'Mr Big of no-deal Brexit' appointed to coordinate Covid response leaves civil service again

Tom Shinner leaves secondment amid several other civil service departures
Photo: GOV.UK

Tom Shinner, the civil servant once called “Mr Big of no-deal Brexit” who was drafted in to help coordinate the government’s response to the coronavirus pandemic, has left government once again.

Shinner, who led the government’s preparations for a no-deal Brexit before taking a role at the tech investment firm Entrepreneur First, returned to the civil service in April.

He was appointed to lead a team that provided ministers with a centralised source of information on the coronavirus crisis. His return came when a number of officials were being brought back into government to help handle the response, including No.10 permanent secretary Simon Case

He is understood to have returned to government at the personal request of cabinet secretary Sir Mark Sedwill.

The Mail on Sunday has now reported Shinner has stood down.

No.10 sources said Shinner had been appointed on a short-term secondment and that the response to the pandemic was beginning to “wind down”, it said.

Shinner, whose career began at the management consultancy McKinsey & Company, will return to his job at Entrepreneur First.

But an unnamed official told the Mail: “There is a uneasy feeling in the building that those directly involved in the past few months are making themselves scarce before the inevitable post-mortem.”

The news follows several announcements of other high-profile civil service departures, not all of which have been linked to the pandemic.

They come amid a push to radically reform government by No.10 special adviser Dominic Cummings, who recently said a “hard rain” would soon fall on Whitehall.

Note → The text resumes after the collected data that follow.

lemma gamma_happy_height:
  assumes "B \<ge> 2"
  shows "happy B (gamma B n) \<and> height B (gamma B n) = n"
proof -
  have "\<exists>x. x \<ge> 1 \<and> happy B x \<and> height B x = n"
    using exists_happy_height[OF assms] unfolding happy_def by (auto simp: Suc_le_eq)
  then show ?thesis
    unfolding gamma_def by (metis (mono_tags, lifting) LeastI_ex)
qed

lemma gamma_Suc_le:
  assumes "B \<ge> 2" "happyH B z = gamma B n" "z \<noteq> 1"
  shows "gamma B (Suc n) \<le> z"
proof -
  have "happy B z \<and> height B z = Suc n"
    using happy_height_Suc_of_happyH_eq gamma_happy_height[OF assms(1)] assms(2,3) by blast
  then show ?thesis
    unfolding gamma_def happy_def by (intro Least_le) auto
qed

theorem lemma2p6:
  fixes B \<eta> :: nat
  assumes "B \<ge> 2"
  shows "happyH B (gamma B (\<eta> + 1)) \<le> gamma B \<eta> + 4 * (B - 1)^2"
proof -
  define x g c where "x = gamma B (\<eta> + 1)" and "g = gamma B \<eta>" and "c = (B - 1)^2"
  obtain z where z: "z \<noteq> 1" "happyH B z = g" "z < B ^ (g div c + 4)"
    using exists_happyH_preimage[OF assms] unfolding c_def by blast
  have "x \<le> z"
    using gamma_Suc_le[OF assms] z unfolding x_def g_def by simp
  have "x \<ge> 1"
    using gamma_happy_height[OF assms] unfolding x_def happy_def by (simp add: Suc_le_eq)
  then obtain L where L: "B ^ L \<le> x" "x < B ^ (L + 1)"
    using ex_power_ivl1[OF assms] by blast
  have "B ^ L < B ^ (g div c + 4)"
    using L(1) \<open>x \<le> z\<close> z(3) by linarith
  then have "L + 1 \<le> g div c + 4"
    using assms power_less_imp_less_exp by fastforce
  have "happyH B x \<le> (L + 1) * c"
    using happyH_le_of_less_power[OF assms L(2)] unfolding c_def .
  also have "\<dots> \<le> (g div c + 4) * c"
    using \<open>L + 1 \<le> g div c + 4\<close> by (rule mult_right_mono) simp
  also have "\<dots> \<le> g + 4 * c"
    by (simp add: add_mult_distrib)
  finally show ?thesis
    unfolding x_def g_def c_def by simp
qed

end
(* Under the hypotheses of Lemma 1 (finite multi-set $\mathcal X=\{X_1,\dots,X_n\}$ of real symmetric $2\times2$ matrices, $\lambda_1$ the unique largest eigenvalue of $\mathcal X$, belonging to $X_1$, with $u_1=e_1$, $v_1=e_2$), the largest eigenvalue of $\frac1m\log E_m$, where $E_m=\sum_{i=1}^n\exp(mX_i)$, converges to $\lambda_1$ as $m\to\infty$. Consequently $e_1$ is an eigenvector of $S=\lim_{m\to\infty}\frac1m\log E_m$ with eigenvalue $\lambda_1$.
   Context: $\exp$ and $\log$ denote the matrix exponential and the matrix logarithm of a symmetric positive definite matrix. Every real symmetric $2\times2$ matrix $X_i$ is written in spectral form $X_i=\lambda_i u_iu_i^{\mathsf T}+\mu_i v_iv_i^{\mathsf T}$ with $\lambda_i\ge\mu_i$, $u_i=(\cos\varphi_i,\sin\varphi_i)^{\mathsf T}$, $v_i=(-\sin\varphi_i,\cos\varphi_i)^{\mathsf T}$, $\varphi_i\in[-\pi/2,\pi/2]$. "The eigenvalues of $\mathcal X$" means the multi-set of all $2n$ numbers $\lambda_1,\mu_1,\dots,\lambda_n,\mu_n$; an eigenvalue is unique if it occurs exactly once in this multi-set. $e_1=(1,0)^{\mathsf T}$, $e_2=(0,1)^{\mathsf T}$. *)

theory Defs
  imports "HOL-Analysis.Analysis" "HOL-Library.Multiset"
begin

fun mpow :: "real^2^2 \<Rightarrow> nat \<Rightarrow> real^2^2" where
  "mpow A 0 = mat 1"
| "mpow A (Suc k) = A ** mpow A k"

definition mexp :: "real^2^2 \<Rightarrow> real^2^2" where
  "mexp A = (\<Sum>k. (1 / fact k) *\<^sub>R mpow A k)"

definition mlog :: "real^2^2 \<Rightarrow> real^2^2" where
  "mlog A = (THE B. transpose B = B \<and> mexp B = A)"

definition lmax :: "real^2^2 \<Rightarrow> real" where
  "lmax A = Max {c. \<exists>x. x \<noteq> 0 \<and> A *v x = c *\<^sub>R x}"

definition outer :: "real^2 \<Rightarrow> real^2 \<Rightarrow> real^2^2" where
  "outer x y = (\<chi> i j. x $ i * y $ j)"

definition uvec :: "real \<Rightarrow> real^2" where
  "uvec \<phi> = vector [cos \<phi>, sin \<phi>]"

definition vvec :: "real \<Rightarrow> real^2" where
  "vvec \<phi> = vector [- sin \<phi>, cos \<phi>]"

definition e1 :: "real^2" where "e1 = vector [1, 0]"
definition e2 :: "real^2" where "e2 = vector [0, 1]"

end

theory Submission
  imports Defs "HOL-Real_Asymp.Real_Asymp"
begin

text \<open>Every symmetric 2x2 matrix is \<alpha> u u^T + \<beta> v v^T for an orthonormal frame u,
  v = perp u, and the matrix exp and log act on \<alpha>, \<beta> alone. So E_m = \<Sum>_i exp (m X_i) has
  this form, and (1/m) log E_m has the eigenvalues (ln \<alpha>)/m, (ln \<beta>)/m on the same frame.
  Comparing quadratic forms gives exp (m \<lambda>_1) \<le> \<alpha> \<le> n exp (m \<lambda>_1), so (ln \<alpha>)/m is
  within (ln n)/m of \<lambda>_1. By uniqueness all other eigenvalues lie below some \<theta> < \<lambda>_1, and
  exp (m \<lambda>_1) (v \<bullet> e_1)^2 \<le> \<beta> \<le> e_2 \<bullet> E_m e_2 \<le> n exp (m \<theta>): the frame aligns with
  e_1, e_2 exponentially fast, whence (1/m) log E_m e_1 \<longrightarrow> \<lambda>_1 e_1.\<close>

lemma inner_vec2: "(x::real^2) \<bullet> y = x$1 * y$1 + x$2 * y$2"
  by (simp add: inner_vec_def sum_2)

lemma outer_mult_vec: "outer u w *v x = (w \<bullet> x) *\<^sub>R u"
  by (simp add: vec_eq_iff outer_def matrix_vector_mult_def inner_vec_def sum_distrib_left mult_ac)

lemma matrix_mult_outer: "B ** outer u w = outer (B *v u) w"
  by (simp add: vec_eq_iff outer_def matrix_matrix_mult_def matrix_vector_mult_def
      sum_distrib_left mult_ac)

lemma outer_scaleR_left: "outer (c *\<^sub>R u) w = c *\<^sub>R outer u w"
  by (simp add: vec_eq_iff outer_def)

lemma transpose_sum:
  "transpose (\<Sum>i\<in>I. M i) = (\<Sum>i\<in>I. transpose (M i :: 'a::comm_monoid_add^'n^'m))"
  by (induction I rule: infinite_finite_induct) (simp_all add: transpose_def vec_eq_iff)

lemma sum_matrix_vector_mult:
  "(\<Sum>i\<in>I. M i) *v x = (\<Sum>i\<in>I. M i *v (x :: 'a::semiring_1^'n))"
  by (induction I rule: infinite_finite_induct) (simp_all add: matrix_vector_mult_add_rdistrib)

definition perp :: "real^2 \<Rightarrow> real^2" where
  "perp w = vector [- w$2, w$1]"

lemma inner_perp_perp [simp]: "perp u \<bullet> perp u = u \<bullet> u"
  by (simp add: perp_def inner_vec2)

lemma inner_perp_self [simp]: "u \<bullet> perp u = 0" "perp u \<bullet> u = 0"
  by (simp_all add: perp_def inner_vec2)

lemma perp_scaleR: "perp (c *\<^sub>R u) = c *\<^sub>R perp u"
  by (simp add: perp_def vec_eq_iff forall_2)

lemma perp_uvec: "perp (uvec \<phi>) = vvec \<phi>"
  by (simp add: uvec_def vvec_def perp_def vec_eq_iff forall_2)

lemma inner_uvec_self: "uvec \<phi> \<bullet> uvec \<phi> = 1"
  by (simp add: uvec_def inner_vec2 flip: power2_eq_square)

lemma outer_add_outer_perp:
  assumes "u \<bullet> u = 1" shows "outer u u + outer (perp u) (perp u) = mat 1"
  using assms by (simp add: vec_eq_iff forall_2 outer_def perp_def mat_def inner_vec2 algebra_simps)

lemma unit_frame_expansion:
  assumes "u \<bullet> u = 1" shows "x = (u \<bullet> x) *\<^sub>R u + (perp u \<bullet> x) *\<^sub>R perp u"
proof -
  have "x = mat 1 *v x" by simp
  then show ?thesis
    by (simp add: outer_add_outer_perp[OF assms, symmetric] matrix_vector_mult_add_rdistrib outer_mult_vec)
qed

lemma unit_frame_parseval:
  assumes "u \<bullet> u = 1" shows "(u \<bullet> x)\<^sup>2 + (perp u \<bullet> x)\<^sup>2 = x \<bullet> x"
proof -
  have "x \<bullet> x = x \<bullet> ((u \<bullet> x) *\<^sub>R u + (perp u \<bullet> x) *\<^sub>R perp u)"
    using unit_frame_expansion[OF assms] by simp
  then show ?thesis by (simp add: inner_add_right inner_commute power2_eq_square)
qed

definition frame_diag :: "real \<Rightarrow> real \<Rightarrow> real^2 \<Rightarrow> real^2^2" where
  "frame_diag a b u = a *\<^sub>R outer u u + b *\<^sub>R outer (perp u) (perp u)"

lemma frame_diag_mult_vec:
  "frame_diag a b u *v x = (a * (u \<bullet> x)) *\<^sub>R u + (b * (perp u \<bullet> x)) *\<^sub>R perp u"
  by (simp add: frame_diag_def matrix_vector_mult_add_rdistrib outer_mult_vec
      flip: scaleR_matrix_vector_assoc)

lemma frame_diag_eigen:
  assumes "u \<bullet> u = 1"
  shows "frame_diag a b u *v u = a *\<^sub>R u" "frame_diag a b u *v perp u = b *\<^sub>R perp u"
  using assms by (simp_all add: frame_diag_mult_vec)

lemma inner_frame_diag:
  assumes "u \<bullet> u = 1"
  shows "u \<bullet> (frame_diag a b u *v y) = a * (u \<bullet> y)"
    and "perp u \<bullet> (frame_diag a b u *v y) = b * (perp u \<bullet> y)"
  using assms by (simp_all add: frame_diag_mult_vec inner_add_right)

lemma frame_diag_quadratic_form:
  "x \<bullet> (frame_diag a b u *v x) = a * (u \<bullet> x)\<^sup>2 + b * (perp u \<bullet> x)\<^sup>2"
  by (simp add: frame_diag_mult_vec inner_add_right inner_commute power2_eq_square)

lemma transpose_frame_diag: "transpose (frame_diag a b u) = frame_diag a b u"
  by (simp add: frame_diag_def vec_eq_iff transpose_def outer_def mult_ac)

lemma scaleR_frame_diag: "c *\<^sub>R frame_diag a b u = frame_diag (c * a) (c * b) u"
  by (simp add: frame_diag_def scaleR_add_right)

lemma frame_diag_eqI:
  assumes u: "u \<bullet> u = 1" and "B *v u = a *\<^sub>R u" "B *v perp u = b *\<^sub>R perp u"
  shows "B = frame_diag a b u"
proof -
  have "B = B ** mat 1" by simp
  then show ?thesis
    by (simp add: outer_add_outer_perp[OF u, symmetric] matrix_add_ldistrib matrix_mult_outer
        assms frame_diag_def outer_scaleR_left)
qed

lemma frame_diag_mult:
  assumes u: "u \<bullet> u = 1"
  shows "frame_diag a b u ** frame_diag c d u = frame_diag (a * c) (b * d) u"
  by (rule frame_diag_eqI[OF u])
    (simp_all add: frame_diag_eigen[OF u] matrix_vector_mult_scaleR flip: matrix_vector_mul_assoc)

lemma mpow_frame_diag:
  assumes u: "u \<bullet> u = 1" shows "mpow (frame_diag a b u) k = frame_diag (a ^ k) (b ^ k) u"
proof (induction k)
  case 0
  show ?case by (simp add: frame_diag_def outer_add_outer_perp[OF u])
next
  case (Suc k)
  then show ?case by (simp add: frame_diag_mult[OF u])
qed

lemma mexp_frame_diag:
  assumes u: "u \<bullet> u = 1" shows "mexp (frame_diag a b u) = frame_diag (exp a) (exp b) u"
proof -
  have exp_sums: "(\<lambda>k. x ^ k / fact k) sums exp x" for x :: real
    using exp_converges[of x] by (simp add: divide_inverse mult.commute)
  have "(\<lambda>k. (1 / fact k) *\<^sub>R mpow (frame_diag a b u) k) =
      (\<lambda>k. (a ^ k / fact k) *\<^sub>R outer u u + (b ^ k / fact k) *\<^sub>R outer (perp u) (perp u))"
    unfolding mpow_frame_diag[OF u] by (simp add: frame_diag_def scaleR_add_right)
  moreover have "\<dots> sums frame_diag (exp a) (exp b) u"
    unfolding frame_diag_def by (intro sums_add sums_scaleR_left exp_sums)
  ultimately show ?thesis by (simp add: mexp_def sums_iff)
qed

lemma lmax_frame_diag:
  assumes u: "u \<bullet> u = 1" shows "lmax (frame_diag a b u) = max a b"
proof -
  have "{c. \<exists>x. x \<noteq> 0 \<and> frame_diag a b u *v x = c *\<^sub>R x} = {a, b}"
  proof (intro equalityI subsetI)
    fix c assume "c \<in> {c. \<exists>x. x \<noteq> 0 \<and> frame_diag a b u *v x = c *\<^sub>R x}"
    then obtain x where x: "x \<noteq> 0" "frame_diag a b u *v x = c *\<^sub>R x" by blast
    have "a * (u \<bullet> x) = c * (u \<bullet> x)" "b * (perp u \<bullet> x) = c * (perp u \<bullet> x)"
      using inner_frame_diag[OF u, of a b x] x(2) by (metis inner_scaleR_right)+
    moreover have "u \<bullet> x \<noteq> 0 \<or> perp u \<bullet> x \<noteq> 0"
      using unit_frame_expansion[OF u, of x] x(1) by auto
    ultimately show "c \<in> {a, b}" by auto
  next
    fix c assume "c \<in> {a, b}"
    moreover have "u \<noteq> 0" "perp u \<noteq> 0"
      using u by (metis inner_zero_left inner_perp_perp zero_neq_one)+
    ultimately show "c \<in> {c. \<exists>x. x \<noteq> 0 \<and> frame_diag a b u *v x = c *\<^sub>R x}"
      using frame_diag_eigen[OF u, of a b] by blast
  qed
  then show ?thesis by (simp add: lmax_def max_def)
qed

lemma frame_diag_quadratic_form_le:
  assumes u: "u \<bullet> u = 1" and y: "y \<bullet> y = 1" and "a \<le> c" "b \<le> c"
  shows "y \<bullet> (frame_diag a b u *v y) \<le> c"
proof -
  have "a * (u \<bullet> y)\<^sup>2 + b * (perp u \<bullet> y)\<^sup>2 \<le> c * ((u \<bullet> y)\<^sup>2 + (perp u \<bullet> y)\<^sup>2)"
    using assms by (simp add: distrib_left add_mono mult_right_mono)
  then show ?thesis by (simp add: frame_diag_quadratic_form unit_frame_parseval[OF u] y)
qed

lemma frame_diag_quadratic_form_ge:
  assumes u: "u \<bullet> u = 1" and y: "y \<bullet> y = 1" and "c \<le> a" "c \<le> b"
  shows "c \<le> y \<bullet> (frame_diag a b u *v y)"
proof -
  have "c * ((u \<bullet> y)\<^sup>2 + (perp u \<bullet> y)\<^sup>2) \<le> a * (u \<bullet> y)\<^sup>2 + b * (perp u \<bullet> y)\<^sup>2"
    using assms by (simp add: distrib_left add_mono mult_right_mono)
  then show ?thesis by (simp add: frame_diag_quadratic_form unit_frame_parseval[OF u] y)
qed

lemma norm_frame_diag_mult_vec_diff:
  assumes u: "u \<bullet> u = 1" and y: "y \<bullet> y = 1"
  shows "norm (frame_diag a b u *v y - c *\<^sub>R y) \<le> \<bar>a - c\<bar> + \<bar>b - c\<bar> * \<bar>perp u \<bullet> y\<bar>"
proof -
  have norms: "norm u = 1" "norm (perp u) = 1" "norm y = 1"
    using u y by (simp_all add: norm_eq_sqrt_inner)
  have "c *\<^sub>R y = c *\<^sub>R ((u \<bullet> y) *\<^sub>R u + (perp u \<bullet> y) *\<^sub>R perp u)"
    using unit_frame_expansion[OF u, of y] by simp
  then have "frame_diag a b u *v y - c *\<^sub>R y =
      ((a - c) * (u \<bullet> y)) *\<^sub>R u + ((b - c) * (perp u \<bullet> y)) *\<^sub>R perp u"
    by (simp add: frame_diag_mult_vec algebra_simps)
  also have "norm \<dots> \<le> \<bar>a - c\<bar> * \<bar>u \<bullet> y\<bar> + \<bar>b - c\<bar> * \<bar>perp u \<bullet> y\<bar>"
    by (rule order_trans[OF norm_triangle_ineq]) (simp add: norms abs_mult)
  also have "\<dots> \<le> \<bar>a - c\<bar> + \<bar>b - c\<bar> * \<bar>perp u \<bullet> y\<bar>"
    using Cauchy_Schwarz_ineq2[of u y] by (simp add: norms mult_left_le)
  finally show ?thesis .
qed

lemma symmetric_eigenpair:
  fixes B :: "real^2^2"
  assumes sym: "transpose B = B"
  obtains w a b where "w \<noteq> 0" "b \<le> a" "B *v w = a *\<^sub>R w" "B *v perp w = b *\<^sub>R perp w"
proof -
  define p q r where "p = B$1$1" and "q = B$1$2" and "r = B$2$2"
  have "transpose B $1$2 = B$1$2" using sym by simp
  then have q_sym: "B$2$1 = q" by (simp add: q_def transpose_def)
  have mv: "B *v x = vector [p * x$1 + q * x$2, q * x$1 + r * x$2]" for x
    by (simp add: vec_eq_iff forall_2 matrix_vector_mult_def sum_2 p_def q_def r_def q_sym)
  define s where "s = sqrt (((p - r) / 2)\<^sup>2 + q\<^sup>2)"
  define a b where "a = (p + r) / 2 + s" and "b = (p + r) / 2 - s"
  have "0 \<le> s" by (simp add: s_def)
  then have "b \<le> a" by (simp add: a_def b_def)
  have "s\<^sup>2 = ((p - r) / 2)\<^sup>2 + q\<^sup>2" by (simp add: s_def)
  then have char: "q * q = (a - p) * (a - r)"
    by (simp add: a_def field_simps power2_eq_square)
  have b: "b = p + r - a" by (simp add: a_def b_def)
  show thesis
  proof (cases "q = 0 \<and> r \<le> p")
    case True
    then have "s = (p - r) / 2" by (simp add: s_def)
    then have "a = p" "b = r" by (simp_all add: a_def b_def field_simps)
    with True show thesis
      by (intro that[of "vector [1, 0]"]) (simp_all add: \<open>b \<le> a\<close> mv perp_def vec_eq_iff forall_2)
  next
    case False
    txt \<open>\<open>(q, a - p)\<close> is an eigenvector for the larger root \<open>a\<close> of the characteristic
      polynomial; it vanishes only in the diagonal case treated above.\<close>
    define w :: "real^2" where "w = vector [q, a - p]"
    have "w \<noteq> 0"
    proof
      assume "w = 0"
      then have "q = 0" "a = p" by (auto simp: w_def vec_eq_iff forall_2)
      with False \<open>0 \<le> s\<close> show False by (simp add: a_def field_simps)
    qed
    moreover have "B *v w = a *\<^sub>R w"
      using char by (simp add: mv w_def vec_eq_iff forall_2 algebra_simps)
    moreover have "B *v perp w = b *\<^sub>R perp w"
      using char by (simp add: mv w_def b perp_def vec_eq_iff forall_2 algebra_simps)
    ultimately show thesis using \<open>b \<le> a\<close> that by blast
  qed
qed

Last week Sedwill said he would step down in the autumn. The cab sec told MPs that he was leaving the civil service under an agreement with the prime minister, but questions have been raised after Boris Johnson signed off on an exit payment to Sedwill of nearly £250,000.

Ministry of Justice permanent secretary Sir Richard Heaton also announced last week that he would leave the civil service in the summer.

Clare Moriarty, who headed up the Department for Environment, Food and Rural Affairs and then the Department for Exiting the European Union, left when the Brexit ministry closed in January. Soon afterwards, Home Office head Sir Philip Rutnam resigned in a high-profile spat with home secretary Priti Patel.

CSW has approached the Cabinet Office for a comment.